На паперть поднялся Митяй. Встал рядом со связанными друзьями, вскинул голову, крикнул:
— Коли их жечь, то и меня жгите!
— Не трогать Митяя! Гоните его прочь!
— Я тожить отрекся от бога! Анафема! — невпопад закричал Митяй. В толпе захохотали — Не уйду, они мои побратимы, я до последнего издыхания с ними.
— Чего с дурака взять? Гоните его! Где Марфа, пусть бы она наклепала ему по загривку.
— Еще с покоса не вернулась, сейчас придет. Анафема!..
Шел Никита по ровной дороге, его всюду встречали доброй лаской, с той же грустью в глазах провожали. Дети махали ручонками вслед, а он им на потеху бил в барабан, будил сонных собак…
Анафема!..
Шел Никита и широко улыбался родной земле, солнцу палящему, небу, все это будто увидел впервые. Млел от песен жаворонков, хмелел от трелей соловья. Но и тревожился, видел, как горит земля, неурожай… Падал в нескошенные травы и тут же засыпал. Засыпал под говор пересохшего ручейка, с теплом в душе и радостью в сердце. Знал, что больше не закричит на него служака-фельдфебель: «Подымайсь! Стройсь! Мать вашу поперек!» Спит Никита где захочет, радуется тишине, к сердцу прислушивается. А оно трепещет, дом близко, дом чует…

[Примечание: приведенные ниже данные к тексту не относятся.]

(* Let $n$ be a positive integer, $f:\mathbb{Z}_n\to\mathbb C$, and $m,l\le n$ positive integers. Then \[\sum_{r\in\mathbb{Z}_n}|\widehat f(r)|^2\cdot\min\left(\frac{m^2\gcd(r,n)}{n},\,m\right)\le\sum_{1\le k\le l:\ k\mid n}\frac{m^2\phi(k)}{k}G_f(n/k)+\sum_{l<k\le n:\ k\mid n}\frac{mn}{k}G_f(n/k).\]
   Context: The Fourier transform is $\widehat f(s)=\sum_{x\in\mathbb{Z}_n}f(x)e^{-2\pi i xs/n}$. For $r\in\mathbb{Z}_n$, $\gcd(r,n)$ is computed from any integer representative (so $\gcd(0,n)=n$). For a positive divisor $r$ of $n$ and $a\in\mathbb{Z}_n$, $g_f(a,r)=\sum_{x\in\mathbb{Z}_n:\,x=a+jr\text{ for some }j\in\mathbb{Z}_n}f(x)$ and $G_f(r)=\sum_{a=0}^{r-1}|g_f(a,r)|^2$. $\phi$ is Euler's totient function. *)

theory Defs
  imports "HOL-Analysis.Analysis" "HOL-Number_Theory.Number_Theory"
begin

text \<open>Z_n is modelled by the representatives {0..<n}; f :: nat \<Rightarrow> complex is read on {0..<n}.\<close>

definition fourier :: "nat \<Rightarrow> (nat \<Rightarrow> complex) \<Rightarrow> nat \<Rightarrow> complex" where
  "fourier n f s = (\<Sum>x<n. f x * cis (- 2 * pi * real x * real s / real n))"

definition gsum :: "nat \<Rightarrow> (nat \<Rightarrow> complex) \<Rightarrow> nat \<Rightarrow> nat \<Rightarrow> complex" where
  "gsum n f a r = (\<Sum>x\<in>{x. x < n \<and> (\<exists>j<n. x = (a + j * r) mod n)}. f x)"

definition Gsum :: "nat \<Rightarrow> (nat \<Rightarrow> complex) \<Rightarrow> nat \<Rightarrow> real" where
  "Gsum n f r = (\<Sum>a<r. (cmod (gsum n f a r))^2)"

end

theory Submission
  imports Defs "HOL-Library.Real_Mod"
begin

text \<open>For a divisor k of n, the Fourier coefficients at the multiples of k are the discrete Fourier
transform of length n/k of the coset sums g_f(a, n/k), so Parseval gives
\<Sum>{|f^(s)|^2 : k | s} = (n/k) G_f(n/k). The weight min(m^2 gcd(s,n)/n, m) of |f^(s)|^2 is then
dominated by a sum over the divisors k of gcd(s,n): if gcd(s,n) \<le> l, by the terms m^2 \<phi>(k)/n for
k \<le> l, which add up to m^2 gcd(s,n)/n since \<Sum>{\<phi>(k) : k | d} = d; otherwise by the single
term m for k = gcd(s,n) > l. Exchanging the sums over s and k yields the bound.\<close>

lemma sum_cis_roots_of_unity:
  fixes d :: int and r :: nat
  assumes "0 < r"
  shows "(\<Sum>t<r. cis (2 * pi * of_int d * real t / real r)) = (if int r dvd d then of_nat r else 0)"
proof -
  define w where "w = cis (2 * pi * of_int d / real r)"
  have pow: "cis (2 * pi * of_int d * real t / real r) = w ^ t" for t
    unfolding w_def Complex.DeMoivre by (simp add: field_simps)
  have "w = 1 \<longleftrightarrow> (\<exists>N. of_int d = of_int N * real r)"
    unfolding w_def cis_eq_1_iff using assms by (auto simp: field_simps)
  also have "\<dots> \<longleftrightarrow> int r dvd d"
    by (metis dvd_def mult.commute of_int_eq_iff of_int_mult of_int_of_nat_eq)
  finally have w_eq_1: "w = 1 \<longleftrightarrow> int r dvd d" .
  show ?thesis
  proof (cases "int r dvd d")
    case True
    then show ?thesis using w_eq_1 by (simp add: pow)
  next
    case False
    have "w ^ r = 1"
      using assms by (simp add: w_def Complex.DeMoivre)
    then show ?thesis
      using False w_eq_1 geometric_sum[of w r] by (simp add: pow)
  qed
qed

lemma sum_cis_orthogonality:
  fixes a b r :: nat
  assumes "a < r" "b < r"
  shows "(\<Sum>t<r. cis (2 * pi * (real b - real a) * real t / real r)) = (if a = b then of_nat r else 0)"
proof -
  have "int r dvd int b - int a \<longleftrightarrow> a = b"
    using assms dvd_imp_le_int[of "int b - int a" "int r"] by (cases "a = b") auto
  then show ?thesis
    using sum_cis_roots_of_unity[of r "int b - int a"] assms by simp
qed

lemma fourier_parseval:
  fixes g :: "nat \<Rightarrow> complex" and r :: nat
  assumes "0 < r"
  shows "(\<Sum>t<r. (cmod (fourier r g t))^2) = real r * (\<Sum>a<r. (cmod (g a))^2)"
proof -
  define c where "c a t = cis (-2 * pi * real a * real t / real r)" for a t :: nat
  have c_cnj: "c a t * cnj (c b t) = cis (2 * pi * (real b - real a) * real t / real r)" for a b t
    unfolding c_def cis_cnj cis_mult by (rule arg_cong[where f=cis]) (use assms in \<open>simp add: field_simps\<close>)
  have "complex_of_real (\<Sum>t<r. (cmod (fourier r g t))^2)
      = (\<Sum>t<r. (\<Sum>a<r. g a * c a t) * cnj (\<Sum>b<r. g b * c b t))"
    unfolding fourier_def c_def by (simp only: of_real_sum complex_norm_square)
  also have "\<dots> = (\<Sum>t<r. \<Sum>a<r. \<Sum>b<r. g a * cnj (g b) * (c a t * cnj (c b t)))"
    by (simp add: cnj_sum sum_product mult_ac)
  also have "\<dots> = (\<Sum>a<r. \<Sum>t<r. \<Sum>b<r. g a * cnj (g b) * (c a t * cnj (c b t)))"
    by (rule sum.swap)
  also have "\<dots> = (\<Sum>a<r. \<Sum>b<r. \<Sum>t<r. g a * cnj (g b) * (c a t * cnj (c b t)))"
    by (intro sum.cong refl sum.swap)
  also have "\<dots> = (\<Sum>a<r. \<Sum>b<r. g a * cnj (g b) * (\<Sum>t<r. c a t * cnj (c b t)))"
    by (simp add: sum_distrib_left)
  also have "\<dots> = (\<Sum>a<r. \<Sum>b<r. g a * cnj (g b) * (if a = b then of_nat r else 0))"
    by (intro sum.cong refl) (simp add: c_cnj sum_cis_orthogonality)
  also have "\<dots> = (\<Sum>a<r. of_nat r * (g a * cnj (g a)))"
    by (simp add: if_distrib sum.delta mult_ac cong: if_cong)
  also have "\<dots> = complex_of_real (real r * (\<Sum>a<r. (cmod (g a))^2))"
    by (simp only: of_real_mult of_real_sum complex_norm_square of_real_of_nat_eq sum_distrib_left)
  finally show ?thesis
    by (simp only: of_real_eq_iff)
qed

lemma gsum_eq_sum_mod:
  assumes "r dvd n" "a < r"
  shows "gsum n f a r = (\<Sum>x | x < n \<and> x mod r = a. f x)"
proof -
  have "(\<exists>j<n. x = (a + j * r) mod n) \<longleftrightarrow> x mod r = a" if "x < n" for x
  proof
    assume "\<exists>j<n. x = (a + j * r) mod n"
    then obtain j where "x = (a + j * r) mod n" by blast
    then show "x mod r = a"
      using assms by (simp add: mod_mod_cancel)
  next
    assume "x mod r = a"
    then have "x = (a + (x div r) * r) mod n"
      using \<open>x < n\<close> by (metis mod_div_mult_eq mod_less)
    moreover have "x div r < n"
      using \<open>x < n\<close> div_le_dividend le_less_trans by blast
    ultimately show "\<exists>j<n. x = (a + j * r) mod n" by blast
  qed
  then have "{x. x < n \<and> (\<exists>j<n. x = (a + j * r) mod n)} = {x. x < n \<and> x mod r = a}"
    by blast
  then show ?thesis
    by (simp add: gsum_def)
qed

lemma fourier_mult_eq_fourier_gsum:
  assumes "k * r = n" "0 < n"
  shows "fourier n f (t * k) = fourier r (\<lambda>a. gsum n f a r) t"
proof -
  have "0 < k" "0 < r" "r dvd n"
    using assms by auto
  have periodic: "cis (-2 * pi * real x * real t / real r) = cis (-2 * pi * real (x mod r) * real t / real r)" for x
  proof -
    have "real x = real (x mod r) + real r * real (x div r)"
      by (metis of_nat_add of_nat_mult mod_mult_div_eq add.commute)
    then have "-2 * pi * real x * real t / real r
        = -2 * pi * real (x mod r) * real t / real r + 2 * pi * (- real (x div r * t))"
      using \<open>0 < r\<close> by (simp add: field_simps)
    then have "cis (-2 * pi * real x * real t / real r)
        = cis (-2 * pi * real (x mod r) * real t / real r) * cis (2 * pi * (- real (x div r * t)))"
      by (simp only: cis_mult)
    moreover have "cis (2 * pi * (- real (x div r * t))) = 1"
      by (metis Ints_minus Ints_of_nat cis_multiple_2pi)
    ultimately show ?thesis
      by simp
  qed
  have "fourier n f (t * k) = (\<Sum>x<n. f x * cis (-2 * pi * real (x mod r) * real t / real r))"
    unfolding fourier_def periodic[symmetric]
    using \<open>0 < k\<close> by (simp flip: assms(1) add: field_simps)
  also have "\<dots> = (\<Sum>a<r. \<Sum>x | x < n \<and> x mod r = a. f x * cis (-2 * pi * real a * real t / real r))"
    by (subst sum.group[symmetric, of "{..<n}" "{..<r}" "\<lambda>x. x mod r"])
       (use \<open>0 < r\<close> in \<open>auto intro!: sum.cong\<close>)
  also have "\<dots> = fourier r (\<lambda>a. gsum n f a r) t"
    unfolding fourier_def using gsum_eq_sum_mod[OF \<open>r dvd n\<close>]
    by (intro sum.cong refl) (simp add: sum_distrib_right)
  finally show ?thesis .
qed

lemma sum_fourier_multiples:
  assumes "k dvd n" "0 < n"
  shows "(\<Sum>s | s < n \<and> k dvd s. (cmod (fourier n f s))^2) = real (n div k) * Gsum n f (n div k)"
proof -
  define r where "r = n div k"
  have "k * r = n" "0 < k" "0 < r"
    using assms by (auto simp: r_def)
  have "{s. s < n \<and> k dvd s} = (\<lambda>t. t * k) ` {..<r}"
  proof (rule Set.set_eqI, rule iffI)
    fix s assume "s \<in> {s. s < n \<and> k dvd s}"
    then show "s \<in> (\<lambda>t. t * k) ` {..<r}"
      using \<open>k * r = n\<close> by (auto elim!: dvdE simp: mult.commute)
  next
    fix s assume "s \<in> (\<lambda>t. t * k) ` {..<r}"
    then show "s \<in> {s. s < n \<and> k dvd s}"
      using \<open>k * r = n\<close> \<open>0 < k\<close> by (auto simp: mult.commute)
  qed
  then have "(\<Sum>s | s < n \<and> k dvd s. (cmod (fourier n f s))^2) = (\<Sum>t<r. (cmod (fourier n f (t * k)))^2)"
    using \<open>0 < k\<close> by (simp add: sum.reindex inj_on_def)
  also have "\<dots> = (\<Sum>t<r. (cmod (fourier r (\<lambda>a. gsum n f a r) t))^2)"
    using fourier_mult_eq_fourier_gsum[OF \<open>k * r = n\<close> assms(2)] by simp
  also have "\<dots> = real r * Gsum n f r"
    unfolding Gsum_def by (rule fourier_parseval[OF \<open>0 < r\<close>])
  finally show ?thesis
    unfolding r_def .
qed

lemma min_weight_le_divisor_sums:
  fixes n m l s :: nat
  assumes "0 < n"
  shows "min (real m ^ 2 * real (gcd s n) / real n) (real m)
     \<le> (\<Sum>k | (1 \<le> k \<and> k \<le> l \<and> k dvd n) \<and> k dvd s. real m ^ 2 * real (totient k) / real n)
       + (\<Sum>k | (l < k \<and> k \<le> n \<and> k dvd n) \<and> k dvd s. real m)"
    (is "?w \<le> ?small + ?large")
proof -
  define d where "d = gcd s n"
  have "0 < d"
    using assms by (simp add: d_def)
  have "0 \<le> ?small" "0 \<le> ?large"
    by (simp_all add: sum_nonneg)
  show ?thesis
  proof (cases "d \<le> l")
    case True
    have "(1 \<le> k \<and> k \<le> l \<and> k dvd n) \<and> k dvd s \<longleftrightarrow> k dvd d" for k
    proof
      assume "k dvd d"
      moreover from this have "0 < k" "k \<le> d"
        using \<open>0 < d\<close> by (auto intro: dvd_imp_le Nat.gr0I)
      ultimately show "(1 \<le> k \<and> k \<le> l \<and> k dvd n) \<and> k dvd s"
        using True by (simp add: d_def)
    qed (simp add: d_def)
    then have "{k. (1 \<le> k \<and> k \<le> l \<and> k dvd n) \<and> k dvd s} = {k. k dvd d}"
      by simp
    then have "?small = real m ^ 2 / real n * real (\<Sum>k | k dvd d. totient k)"
      by (simp add: sum_distrib_left sum_divide_distrib)
    also have "\<dots> = real m ^ 2 * real d / real n"
      by (simp add: totient_divisor_sum)
    finally have "?w \<le> ?small"
      by (simp add: d_def)
    then show ?thesis
      using \<open>0 \<le> ?large\<close> by linarith
  next
    case False
    then have "d \<in> {k. (l < k \<and> k \<le> n \<and> k dvd n) \<and> k dvd s}"
      using assms by (auto simp: d_def)
    then have "real m \<le> ?large"
      by (intro member_le_sum) (auto intro: finite_subset[of _ "{..n}"])
    then show ?thesis
      using \<open>0 \<le> ?small\<close> by linarith
  qed
qed

lemma sum_mult_sum_dvd_swap:
  fixes F c :: "nat \<Rightarrow> 'a :: comm_semiring_0"
  assumes "finite D"
  shows "(\<Sum>s<n. F s * (\<Sum>k | k \<in> D \<and> k dvd s. c k)) = (\<Sum>k\<in>D. c k * (\<Sum>s | s < n \<and> k dvd s. F s))"
  using sum.swap_restrict[OF assms finite_lessThan, where g="\<lambda>k s. c k * F s" and R="\<lambda>k s. k dvd s"]
  by (simp add: sum_distrib_left mult_ac)

theorem lemma4p6:
  fixes n m l :: nat and f :: "nat \<Rightarrow> complex"
  assumes "n > 0" "0 < m" "m \<le> n" "0 < l" "l \<le> n"
  shows "(\<Sum>r<n. (cmod (fourier n f r))^2 *
            min (real m ^ 2 * real (gcd r n) / real n) (real m))
       \<le> (\<Sum>k\<in>{k. 1 \<le> k \<and> k \<le> l \<and> k dvd n}.
             real m ^ 2 * real (totient k) / real k * Gsum n f (n div k))
         + (\<Sum>k\<in>{k. l < k \<and> k \<le> n \<and> k dvd n}.
             real m * real n / real k * Gsum n f (n div k))"
proof -
  define F where "F s = (cmod (fourier n f s))^2" for s
  define D1 where "D1 = {k. 1 \<le> k \<and> k \<le> l \<and> k dvd n}"
  define D2 where "D2 = {k. l < k \<and> k \<le> n \<and> k dvd n}"
  have "finite D1" "finite D2"
    unfolding D1_def D2_def by (auto intro: finite_subset[of _ "{..n}"])
  have multiples: "c / real n * (\<Sum>s | s < n \<and> k dvd s. F s) = c / real k * Gsum n f (n div k)"
    if "k dvd n" for c k
    using sum_fourier_multiples[OF that assms(1), of f] that assms(1)
    by (auto simp: F_def real_of_nat_div elim!: dvdE)
  have "(\<Sum>r<n. F r * min (real m ^ 2 * real (gcd r n) / real n) (real m))
      \<le> (\<Sum>r<n. F r * ((\<Sum>k | k \<in> D1 \<and> k dvd r. real m ^ 2 * real (totient k) / real n)
                       + (\<Sum>k | k \<in> D2 \<and> k dvd r. real m)))"
    using min_weight_le_divisor_sums[OF assms(1)]
    by (intro sum_mono mult_left_mono) (simp_all add: F_def D1_def D2_def)
  also have "\<dots> = (\<Sum>k\<in>D1. real m ^ 2 * real (totient k) / real n * (\<Sum>s | s < n \<and> k dvd s. F s))
                + (\<Sum>k\<in>D2. real m * (\<Sum>s | s < n \<and> k dvd s. F s))"
    by (simp only: distrib_left sum.distrib
        sum_mult_sum_dvd_swap[OF \<open>finite D1\<close>] sum_mult_sum_dvd_swap[OF \<open>finite D2\<close>])
  also have "\<dots> = (\<Sum>k\<in>D1. real m ^ 2 * real (totient k) / real k * Gsum n f (n div k))
                + (\<Sum>k\<in>D2. real m * real n / real k * Gsum n f (n div k))"
  proof (intro arg_cong2[where f="(+)"] sum.cong refl)
    fix k assume "k \<in> D1"
    then show "real m ^ 2 * real (totient k) / real n * (\<Sum>s | s < n \<and> k dvd s. F s)
             = real m ^ 2 * real (totient k) / real k * Gsum n f (n div k)"
      by (intro multiples) (simp add: D1_def)
  next
    fix k assume "k \<in> D2"
    then show "real m * (\<Sum>s | s < n \<and> k dvd s. F s) = real m * real n / real k * Gsum n f (n div k)"
      using multiples[of k "real m * real n"] assms(1) by (simp add: D2_def)
  qed
  finally show ?thesis
    by (simp only: F_def D1_def D2_def)
qed

end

— Анафема! Читай, Феофил, очистительную молитву, и с богом почнем. Да пусть примут покаяние, ить были христианами.
— Детей и жёнок в огонь!
— Анафема!..
…Загрустил Никита при виде родных мест, прошлое темной тучкой накатилось, грустью наполнились глаза, на сердце камень. Отяжелели ноги, не спешит Никита в родную деревню. А зря. Зубин и Мякинин уже подбили народ, чтобы сжечь всех трех еретиков. Уже Митяя связали. Давно, конечно не считая Митяя, стоят эти двое у них рыбьей костью в горле. Урядник тоже спешит к церкви. Он не будет вмешиваться в дела церковные, но все же приятно посмотреть, как будут жечь врагов.
— Анафема!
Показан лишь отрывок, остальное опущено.